[Stored records]
****************************************
text \<open>
  A vertex of the Minkowski sum of the simplices \<open>\<Delta>\<^sub>I\<close>, \<open>I \<in> \<B>\<close>, maximises a linear
  functional \<open>a\<close> that has a strict maximum on every \<open>I \<in> \<B>\<close>; it is the sum of the unit
  vectors at these maxima, so its \<open>j\<close>-th coordinate counts the building sets on which \<open>a\<close>
  peaks at \<open>j\<close>.

  If \<open>G\<close> is a disjoint union of cliques, the building sets containing \<open>j\<close> on which \<open>a\<close>
  peaks at \<open>j\<close> are the subsets of the component of \<open>j\<close> below \<open>j\<close>, so the \<open>j\<close>-th coordinate
  is \<open>2\<close> to the rank of \<open>j\<close> in its component. Hence every vertex has squared norm
  \<open>4^0 + \<dots> + 4^(|C| - 1)\<close> summed over the components \<open>C\<close>, and the polytope is inscribed
  in a sphere about the origin.

  Otherwise \<open>G\<close> contains an induced path \<open>p - q - s\<close>. For functionals that are smaller on the
  path than elsewhere, swapping the values at \<open>p\<close> and \<open>q\<close> only moves the \<open>p\<close>- and
  \<open>q\<close>-coordinates: from \<open>(3, 2)\<close> to \<open>(1, 4)\<close> when \<open>s\<close> is lowest on the path, and from
  \<open>(2, 1)\<close> to \<open>(1, 2)\<close> when \<open>s\<close> is highest. A common centre \<open>c\<close> would have to satisfy both
  \<open>c\<^sub>q - c\<^sub>p = 1\<close> and \<open>c\<^sub>p = c\<^sub>q\<close>.
\<close>

definition strict_argmax :: "real ^ 'n \<Rightarrow> 'n set \<Rightarrow> 'n \<Rightarrow> bool" where
  "strict_argmax a I j \<longleftrightarrow> j \<in> I \<and> (\<forall>k\<in>I. k \<noteq> j \<longrightarrow> a $ k < a $ j)"

lemma strict_argmax_unique: "strict_argmax a I j \<Longrightarrow> strict_argmax a I k \<Longrightarrow> j = k"
  unfolding strict_argmax_def by force

lemma finite_ex_argmax:
  fixes f :: "'a \<Rightarrow> 'b::linorder"
  assumes "finite I" "I \<noteq> {}"
  shows "\<exists>j\<in>I. \<forall>k\<in>I. f k \<le> f j"
proof -
  have "Max (f ` I) \<in> f ` I"
    using assms by (intro Max_in) auto
  then obtain j where "j \<in> I" "f j = Max (f ` I)"
    by auto
  then show ?thesis
    using assms(1) by (metis Max_ge finite_imageI imageI)
qed

lemma strict_argmax_exists:
  assumes "finite I" "I \<noteq> {}" "inj_on (\<lambda>k. a $ k) I"
  shows "\<exists>j. strict_argmax a I j"
proof -
  obtain j where "j \<in> I" "\<forall>k\<in>I. a $ k \<le> a $ j"
    using finite_ex_argmax[OF assms(1,2)] by blast
  then show ?thesis
    using assms(3) unfolding strict_argmax_def inj_on_def by (metis order_le_less)
qed

definition strict_maximizer :: "'a::real_inner \<Rightarrow> 'a set \<Rightarrow> 'a \<Rightarrow> bool" where
  "strict_maximizer a S y \<longleftrightarrow> y \<in> S \<and> (\<forall>z\<in>S. z \<noteq> y \<longrightarrow> a \<bullet> z < a \<bullet> y)"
****************************************
Requirement:
Each line holding the word "forall" must be pulled from the records.

Exercise result:
  "strict_argmax a I j \<longleftrightarrow> j \<in> I \<and> (\<forall>k\<in>I. k \<noteq> j \<longrightarrow> a $ k < a $ j)"
  shows "\<exists>j\<in>I. \<forall>k\<in>I. f k \<le> f j"
  obtain j where "j \<in> I" "\<forall>k\<in>I. a $ k \<le> a $ j"
  "strict_maximizer a S y \<longleftrightarrow> y \<in> S \<and> (\<forall>z\<in>S. z \<noteq> y \<longrightarrow> a \<bullet> z < a \<bullet> y)"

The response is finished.